Depth stop 55 ensures consistency of depth of insertion of the blade into a channel so that a uniform depth of grout, silicone, mortar or other filler material can be removed during operation of tool 10. Each spacer element 56 is located in the aperture corresponding to the required depth of insertion, this being the distance from the aperture to cutting edge 30. If a user wishes to partially remove material to a depth of 2mm, for example, then an aperture positioned 2mm below the outer cutting edge 30 of the blade will be selected. In use cylinders 60, 60’ will track along a hard surface associated with a filled channel, for example tiles adjacent a channel filled with grout, and so prevent the oscillating blade descending too far into the channel. By using such a depth stop 55, material is removed to a uniform depth ensuring a substrate beneath the material is not damaged and as the old material is removed to a uniform depth, application of replacement filler material is simplified.

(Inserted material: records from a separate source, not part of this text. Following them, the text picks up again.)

(* Under the standing assumptions (H), for every fixed $\delta>0$, with $z(x)=\frac1a(\sqrt{2ax}+\delta\sqrt x)$, \[ \mathbf{P}\Big(A_\tau>x,\ \overline X_\tau\in\Big[y(x),\sqrt{2ax}-\tfrac{h(x)}{\log x}\Big],\ J_{\ge2},\ \tau\le z(x)\Big)=o\big(\overline F(\sqrt{2ax})\big),\qquad x\to\infty. \]
   Context: Standing assumptions (H): $X_1,X_2,\dots$ i.i.d. with $\mathbf{E}X_1=-a<0$, $\mathrm{Var}(X_1)<\infty$, $\overline F(x)=\mathbf{P}(X_1>x)\sim e^{-g(x)}x^{-2}$ as $x\to\infty$, where $g:(0,\infty)\to\mathbb{R}$ is continuously differentiable, nondecreasing for all large $x$, $x\mapsto g(x)/x^{\gamma_0}$ is nonincreasing on $(0,\infty)$ with limit $0$ for some $\gamma_0\in(0,1/2)$, and $xg'(x)\to\infty$. Notation: $S_0=0$, $S_n=X_1+\dots+X_n$, $\tau=\min\{n\ge1:S_n\le0\}$, $A_\tau=\sum_{k=0}^{\tau-1}S_k$, $\overline X_\tau=\max(X_1,\dots,X_\tau)$, $h(x)=\sqrt{2ax}/g(\sqrt{2ax})$, $y(x)=\sqrt{2ax}-C_0h(x)\log x$ for a fixed constant $C_0>\frac{5/4}{1-\gamma_0}$. $J_{\ge2}$ is the event that there exist two distinct indices $k,l\in\{1,\dots,\tau\}$ with $X_k>y(x)$ and $X_l>y(x)$. *)

theory Defs
  imports "HOL-Probability.Probability" "HOL-Library.Landau_Symbols"
begin

text \<open>Random walk S_n = X_1 + ... + X_n (the sequence X is indexed from 1; X 0 is unused).\<close>
definition rw_S :: "(nat \<Rightarrow> 'a \<Rightarrow> real) \<Rightarrow> nat \<Rightarrow> 'a \<Rightarrow> real" where
  "rw_S X n \<omega> = (\<Sum>k\<in>{1..n}. X k \<omega>)"

definition Fbar :: "'a measure \<Rightarrow> (nat \<Rightarrow> 'a \<Rightarrow> real) \<Rightarrow> real \<Rightarrow> real" where
  "Fbar M X t = measure M {\<omega> \<in> space M. X 1 \<omega> > t}"

text \<open>tau(omega) = n, i.e. n = min{m >= 1 : S_m <= 0}.\<close>
definition tau_eq :: "(nat \<Rightarrow> 'a \<Rightarrow> real) \<Rightarrow> 'a \<Rightarrow> nat \<Rightarrow> bool" where
  "tau_eq X \<omega> n \<longleftrightarrow> n \<ge> 1 \<and> rw_S X n \<omega> \<le> 0 \<and> (\<forall>m. 1 \<le> m \<and> m < n \<longrightarrow> rw_S X m \<omega> > 0)"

Use of blade 20 to remove grout or other filler material will now be explained using Figure 5. When tool 10 is used to at least partially remove a substance 62 from a filled channel 64, see Figure 5, tool 10 is switched on and oscillating blade 20 plunged into channel 64. Typically channel 64 is around 3mm wide for grout between tiles and around 10mm for a mortar joint between bricks. Blade 20 oscillates in the direction of arrow A, so substantially parallel to the length of channel 64, see Figure 5(a). The user applies a gentle rotational movement or twist to tool 10 until outer edges 66, 68 of each tongue portion 32, 34, and thus the outer edges of the split outer curved cutting edge 30, engage with opposing channel edges and flex in opposing directions. This results in cutting edge 30 extending in a lateral direction across channel 64, rather than just extending linearly in the longitudinal direction of channel 64. This lateral deflection of the tongue portions allows cutting edge 30 to contact material across the channel, instead of just contacting material along the longitudinal length of the channel. In this way the material in the channel, such as such as grouting in a gap between tiles, can be removed in one pass along the channel. This is an improvement over prior art blades used for grout removal where successive passes up and down the channel, adjusting the lateral position of the blade in the channel each time, are required to remove all the grout.

A similar process takes place during use of the blade as shown in Figures 3 and 4 with outer tongues 44, 48 flexing as they engage the outer edges of channel 64 and central tongue 46 also flexing to extend at least partially laterally across channel 64.

The dimensions of blade 20 can be adjusted depending on the required use with wider blades used for wider joints such as can be encountered with paving slabs or bricks. For wider blades, and as shown for the second embodiment, preferably a plurality of slits are formed into cutting portion 28 so as to increase the number of tongue portions. Thus, for example, two slits can be used to provide three tongue portions or three slits to provide four tongue portions.

Blade 20 can be formed as a separate attachment portion and cutting portion with these typically secured together by welding or other types of permanent fixture such as rivets. Alternatively blade 20 can be formed as a single piece.